[Your task] Repeat word for word, please, only the lines from the one that includes "using inc by" through the final line of the data.

:: Task material

(* Let $(x^k)$ be generated by the augmented Lagrangian method described below, where each step satisfies the inexactness assumption described below with $\varepsilon_k\downarrow0$, and let $\bar x$ be a limit point of $(x^k)$ along some subsequence $K\subset\mathbb{N}$ (i.e. $x^k\to_K\bar x$). If $\bar x$ is feasible for the GNEP (i.e. $g^\nu(\bar x)\le0$ and $h^\nu(\bar x)\le0$ for all $\nu$), then for every $\nu$ $$\nabla_{x^\nu}\theta_\nu(x^k)+\nabla_{x^\nu}g^\nu(x^k)\lambda^{\nu,k}+\nabla_{x^\nu}h^\nu(x^k)\mu^{\nu,k}\to_K0,$$ $$\min\{-g^\nu(x^k),\lambda^{\nu,k}\}\to_K0,\qquad\min\{-h^\nu(x^k),\mu^{\nu,k}\}\to_K0.$$
   Context: GNEP: $N$ players, variables $x=(x^1,\ldots,x^N)\in\mathbb{R}^n$, $x^\nu\in\mathbb{R}^{n_\nu}$. Player $\nu$ solves $\min_{x^\nu}\theta_\nu(x)$ s.t. $g^\nu(x)\le0$, $h^\nu(x)\le0$, with continuously differentiable $\theta_\nu:\mathbb{R}^n\to\mathbb{R}$, $g^\nu:\mathbb{R}^n\to\mathbb{R}^{m_\nu}$, $h^\nu:\mathbb{R}^n\to\mathbb{R}^{p_\nu}$ ($p_\nu=0$ allowed); $m=\sum m_\nu$, $p=\sum p_\nu$. Notation: $v_+=\max\{0,v\}$ componentwise; $\nabla f$ = transposed Jacobian, $\nabla_{x^\nu}f$ its rows for $x^\nu$; $\min$ componentwise; Euclidean norms; $\to_K$ = convergence along $k\in K$. Vectors in $\mathbb{R}^m$ (resp. $\mathbb{R}^p$) are split into player blocks $\lambda^{\nu}\in\mathbb{R}^{m_\nu}$ (resp. $\mu^\nu\in\mathbb{R}^{p_\nu}$). Augmented Lagrangian of player $\nu$: $L_a^\nu(x,u;\rho)=\theta_\nu(x)+\frac{\rho}{2}\|(g^\nu(x)+u/\rho)_+\|^2$. Method: choose $x^0\in\mathbb{R}^n,\lambda^0\in\mathbb{R}^m,\mu^0\in\mathbb{R}^p$, an initial $u^0\in\mathbb{R}^m$, $u^{\max}\ge0$, and for each $\nu$: $\tau_\nu\in(0,1)$, $\gamma_\nu>1$, $\rho_{\nu,0}>0$. For $k=0,1,2,\dots$ (the method is assumed to run forever): (1) compute $(x^{k+1},\mu^{k+1})\in\mathbb{R}^{n+p}$ satisfying the inexactness assumption; (2) $\lambda^{\nu,k+1}=(u^{\nu,k}+\rho_{\nu,k}g^\nu(x^{k+1}))_+$; (3) for each $\nu$: if $\|\min\{-g^\nu(x^{k+1}),\lambda^{\nu,k+1}\}\|\le\tau_\nu\|\min\{-g^\nu(x^k),\lambda^{\nu,k}\}\|$ then $\rho_{\nu,k+1}=\rho_{\nu,k}$, else $\rho_{\nu,k+1}=\gamma_\nu\rho_{\nu,k}$; (4) $u^{k+1}=\min\{\lambda^{k+1},u^{\max}\}$ componentwise. Inexactness assumption: for all $k,\nu$, $\|\nabla_{x^\nu}L_a^\nu(x^{k+1},u^{\nu,k};\rho_{\nu,k})+\nabla_{x^\nu}h^\nu(x^{k+1})\mu^{\nu,k+1}\|\le\varepsilon_k$ and $\|\min\{-h^\nu(x^{k+1}),\mu^{\nu,k+1}\}\|\le\varepsilon_k'$, with $(\varepsilon_k)\subset[0,\infty)$ bounded and $\varepsilon'_k\to0$. *)

theory Defs
  imports "HOL-Analysis.Analysis"
begin

definition C1_fun :: "(real^'n \<Rightarrow> real) \<Rightarrow> bool" where
  "C1_fun f \<longleftrightarrow> (\<exists>f'. continuous_on UNIV f' \<and>
      (\<forall>x. (f has_derivative blinfun_apply (f' x)) (at x)))"

definition pgrad :: "(real^'n \<Rightarrow> real) \<Rightarrow> real^'n \<Rightarrow> 'n \<Rightarrow> real" where
  "pgrad f x i = frechet_derivative f (at x) (axis i 1)"

definition pos :: "real \<Rightarrow> real" where
  "pos v = max 0 v"

definition bnorm :: "'i set \<Rightarrow> ('i \<Rightarrow> real) \<Rightarrow> real" where
  "bnorm I v = sqrt (\<Sum>i\<in>I. (v i)^2)"

definition aug_lag :: "(real^'n \<Rightarrow> real) \<Rightarrow> nat \<Rightarrow> (nat \<Rightarrow> real^'n \<Rightarrow> real)
    \<Rightarrow> real^'n \<Rightarrow> (nat \<Rightarrow> real) \<Rightarrow> real \<Rightarrow> real" where
  "aug_lag th mm gg x u r = th x + r / 2 * (bnorm {..<mm} (\<lambda>j. pos (gg j x + u j / r)))^2"

end

theory Submission
  imports Defs
begin

(* The gradient of player nu's augmented Lagrangian at x^(k+1) is the gradient of the ordinary
   Lagrangian with the updated multiplier lambda^(nu,k+1). Hence the inexactness conditions bound
   the stationarity and h-complementarity residuals at step k+1 by eps_k and eps'_k, and these
   tend to 0. For g-complementarity, the penalty rho_nu is either eventually constant, and then
   the test of step (3) makes the residual decay geometrically, or it tends to infinity. In the
   second case an inactive constraint, g_j(xbar) < 0, eventually has u_j + rho g_j < 0 because u
   is bounded, so lambda_j = 0. For an active one, |min(-g_j, lambda_j)| <= |g_j| -> 0. *)

lemma C1_fun_differentiable: "C1_fun f \<Longrightarrow> f differentiable (at x)"
  unfolding C1_fun_def differentiable_def by blast

lemma C1_fun_isCont: "C1_fun f \<Longrightarrow> isCont f x"
  using C1_fun_differentiable differentiable_imp_continuous_within by blast

lemma pos_square_eq: "(pos t)\<^sup>2 = t * pos t"
  by (simp add: pos_def max_def power2_eq_square)

lemma pos_square_has_real_derivative: "((\<lambda>t. (pos t)\<^sup>2) has_real_derivative 2 * pos t) (at t)"
proof -
  consider "t > 0" | "t < 0" | "t = 0" by linarith
  then show ?thesis
  proof cases
    case 1
    have "((\<lambda>t. t\<^sup>2) has_real_derivative 2 * pos t) (at t)"
      using 1 by (auto intro!: derivative_eq_intros simp: pos_def)
    then show ?thesis
      by (rule has_field_derivative_transform_within_open[where S="{0<..}"])
         (use 1 in \<open>auto simp: pos_def\<close>)
  next
    case 2
    have "((\<lambda>t. 0) has_real_derivative 2 * pos t) (at t)"
      using 2 by (auto intro!: derivative_eq_intros simp: pos_def)
    then show ?thesis
      by (rule has_field_derivative_transform_within_open[where S="{..<0}"])
         (use 2 in \<open>auto simp: pos_def\<close>)
  next
    case 3
    have "isCont pos 0"
      unfolding pos_def[abs_def] by (intro continuous_intros)
    then have "(pos \<longlongrightarrow> 0) (at 0)"
      by (simp add: isCont_def pos_def)
    moreover have "\<forall>\<^sub>F y in at 0. pos y = ((pos y)\<^sup>2 - (pos 0)\<^sup>2) / (y - 0)"
      by (auto simp: eventually_at_filter pos_square_eq)
    ultimately show ?thesis
      using 3 by (simp add: has_field_derivative_iff tendsto_cong pos_def)
  qed
qed

lemma mult_pos_add_divide: "(r::real) > 0 \<Longrightarrow> r * pos (a + b / r) = pos (b + r * a)"
  unfolding pos_def by (simp add: max_mult_distrib_left distrib_left mult.commute)

lemma pgrad_aug_lag:
  assumes th: "th differentiable (at x)" and gg: "\<And>j. j < mm \<Longrightarrow> gg j differentiable (at x)"
    and r: "r > 0"
  shows "pgrad (\<lambda>y. aug_lag th mm gg y u r) x c =
     pgrad th x c + (\<Sum>j<mm. pgrad (gg j) x c * pos (u j + r * gg j x))"
proof -
  define D where "D f = frechet_derivative f (at x)" for f :: "real^'a \<Rightarrow> real"
  have aug_lag_eq: "(\<lambda>y. aug_lag th mm gg y u r) =
      (\<lambda>y. th y + r/2 * (\<Sum>j<mm. (pos (gg j y + u j / r))\<^sup>2))"
    unfolding aug_lag_def bnorm_def by (simp add: sum_nonneg)
  have "((\<lambda>y. th y + r/2 * (\<Sum>j<mm. (pos (gg j y + u j / r))\<^sup>2)) has_derivative
      (\<lambda>v. D th v + r/2 * (\<Sum>j<mm. 2 * pos (gg j x + u j / r) * D (gg j) v))) (at x)"
  proof (intro has_derivative_add has_derivative_mult_right has_derivative_sum)
    show "(th has_derivative D th) (at x)"
      using th by (simp add: D_def frechet_derivative_works)
    fix j assume "j \<in> {..<mm}"
    then have "((\<lambda>y. gg j y + u j / r) has_derivative D (gg j)) (at x)"
      using gg by (auto intro!: has_derivative_add_const simp: D_def frechet_derivative_works)
    from has_derivative_compose[OF this pos_square_has_real_derivative[unfolded has_field_derivative_def]]
    show "((\<lambda>y. (pos (gg j y + u j / r))\<^sup>2) has_derivative
        (\<lambda>v. 2 * pos (gg j x + u j / r) * D (gg j) v)) (at x)"
      by (simp add: o_def mult.assoc)
  qed
  then have "pgrad (\<lambda>y. aug_lag th mm gg y u r) x c =
     D th (axis c 1) + r/2 * (\<Sum>j<mm. 2 * pos (gg j x + u j / r) * D (gg j) (axis c 1))"
    unfolding pgrad_def aug_lag_eq D_def by (simp add: frechet_derivative_at[symmetric])
  also have "\<dots> = pgrad th x c + (\<Sum>j<mm. pgrad (gg j) x c * pos (u j + r * gg j x))"
    unfolding pgrad_def D_def sum_distrib_left
    by (intro arg_cong2[where f="(+)"] refl sum.cong) (use r mult_pos_add_divide in \<open>auto simp: field_simps\<close>)
  finally show ?thesis .
qed

lemma bnorm_nonneg: "0 \<le> bnorm I v"
  unfolding bnorm_def by (simp add: sum_nonneg)

lemma tendsto_bnorm_zero:
  assumes "finite I" "\<And>j. j \<in> I \<Longrightarrow> ((\<lambda>i. v i j) \<longlongrightarrow> 0) F"
  shows "((\<lambda>i. bnorm I (v i)) \<longlongrightarrow> 0) F"
proof -
  have "((\<lambda>i. sqrt (\<Sum>j\<in>I. (v i j)\<^sup>2)) \<longlongrightarrow> sqrt (\<Sum>j\<in>I. 0\<^sup>2)) F"
    using assms by (intro tendsto_intros) auto
  then show ?thesis unfolding bnorm_def by simp
qed

lemma subseq_tendsto_zero_of_Suc_le:
  fixes R e :: "nat \<Rightarrow> real"
  assumes "\<And>k. 0 \<le> R k" "\<And>k. R (Suc k) \<le> e k" "e \<longlonglongrightarrow> 0" "strict_mono s"
  shows "(\<lambda>i. R (s i)) \<longlonglongrightarrow> 0"
proof -
  have "(\<lambda>k. R (Suc k)) \<longlonglongrightarrow> 0"
    by (rule tendsto_sandwich[OF _ _ tendsto_const assms(3)]) (simp_all add: assms(1,2))
  then have "R \<longlonglongrightarrow> 0" by (rule LIMSEQ_imp_Suc)
  from LIMSEQ_subseq_LIMSEQ[OF this assms(4)] show ?thesis by (simp add: o_def)
qed

lemma tendsto_zero_of_eventually_contracting:
  fixes B :: "nat \<Rightarrow> real"
  assumes nonneg: "\<And>k. 0 \<le> B k" and "0 \<le> q" "q < 1"
    and contr: "\<And>k. k \<ge> k0 \<Longrightarrow> B (Suc k) \<le> q * B k"
  shows "B \<longlonglongrightarrow> 0"
proof -
  have geometric: "B (n + k0) \<le> q ^ n * B k0" for n
  proof (induction n)
    case (Suc n)
    have "B (Suc n + k0) \<le> q * B (n + k0)" using contr[of "n + k0"] by simp
    also have "\<dots> \<le> q * (q ^ n * B k0)" using Suc \<open>0 \<le> q\<close> by (rule mult_left_mono)
    finally show ?case by simp
  qed simp
  have bound_limit: "(\<lambda>n. q ^ n * B k0) \<longlonglongrightarrow> 0"
    using assms(2,3) by (intro tendsto_mult_left_zero LIMSEQ_power_zero) simp
  have "(\<lambda>n. B (n + k0)) \<longlonglongrightarrow> 0"
    by (rule tendsto_sandwich[OF _ _ tendsto_const bound_limit]) (simp_all add: nonneg geometric)
  then show ?thesis by (rule LIMSEQ_offset)
qed

lemma penalty_update_pos:
  fixes r :: "nat \<Rightarrow> real"
  assumes "0 < r 0" "1 < \<gamma>" "\<And>k. r (Suc k) = (if P k then r k else \<gamma> * r k)"
  shows "0 < r k"
proof (induction k)
  case (Suc k)
  then show ?case using assms(2) assms(3)[of k] by simp
qed (rule assms(1))

lemma penalty_update_incseq:
  fixes r :: "nat \<Rightarrow> real"
  assumes "0 < r 0" "1 < \<gamma>" "\<And>k. r (Suc k) = (if P k then r k else \<gamma> * r k)"
  shows "incseq r"
proof (rule incseq_SucI)
  fix k show "r k \<le> r (Suc k)"
    using assms(3)[of k] penalty_update_pos[of r \<gamma> P k, OF assms] \<open>1 < \<gamma>\<close> by simp
qed

lemma penalty_update_eventually_const_or_at_top:
  fixes r :: "nat \<Rightarrow> real"
  assumes "0 < r 0" "1 < \<gamma>" and upd: "\<And>k. r (Suc k) = (if P k then r k else \<gamma> * r k)"
  shows "(\<exists>k0. \<forall>k\<ge>k0. P k) \<or> filterlim r at_top sequentially"
proof (cases "\<exists>k0. \<forall>k\<ge>k0. P k")
  case never_const: False
  have increase: "\<exists>k\<ge>k0. r (Suc k) = \<gamma> * r k" for k0
  proof -
    obtain k where "k \<ge> k0" "\<not> P k" using never_const by blast
    then show ?thesis using upd[of k] by auto
  qed
  have inc: "incseq r" using penalty_update_incseq[of r \<gamma> P, OF assms] .
  have power_bound: "\<exists>k. r 0 * \<gamma> ^ n \<le> r k" for n
  proof (induction n)
    case (Suc n)
    then obtain k where k: "r 0 * \<gamma> ^ n \<le> r k" by blast
    obtain k' where k': "k' \<ge> k" "r (Suc k') = \<gamma> * r k'" using increase by blast
    have "r 0 * \<gamma> ^ Suc n \<le> \<gamma> * r k'"
      using k inc[THEN monoD, OF k'(1)] \<open>1 < \<gamma>\<close> by (simp add: mult.left_commute)
    then show ?case using k'(2) by metis
  qed auto
  have "filterlim r at_top sequentially"
    unfolding filterlim_at_top
  proof
    fix Z :: real
    obtain n where "Z / r 0 < \<gamma> ^ n" using real_arch_pow[OF \<open>1 < \<gamma>\<close>] by blast
    then have "Z \<le> r 0 * \<gamma> ^ n" using \<open>0 < r 0\<close> by (simp add: field_simps)
    moreover obtain k where "r 0 * \<gamma> ^ n \<le> r k" using power_bound by blast
    ultimately show "\<forall>\<^sub>F k' in sequentially. Z \<le> r k'"
      using inc by (intro eventually_sequentiallyI[of k]) (force simp: incseq_def)
  qed
  then show ?thesis ..
qed simp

::::

[Answer area]
      using inc by (intro eventually_sequentiallyI[of k]) (force simp: incseq_def)
  qed
  then show ?thesis ..
qed simp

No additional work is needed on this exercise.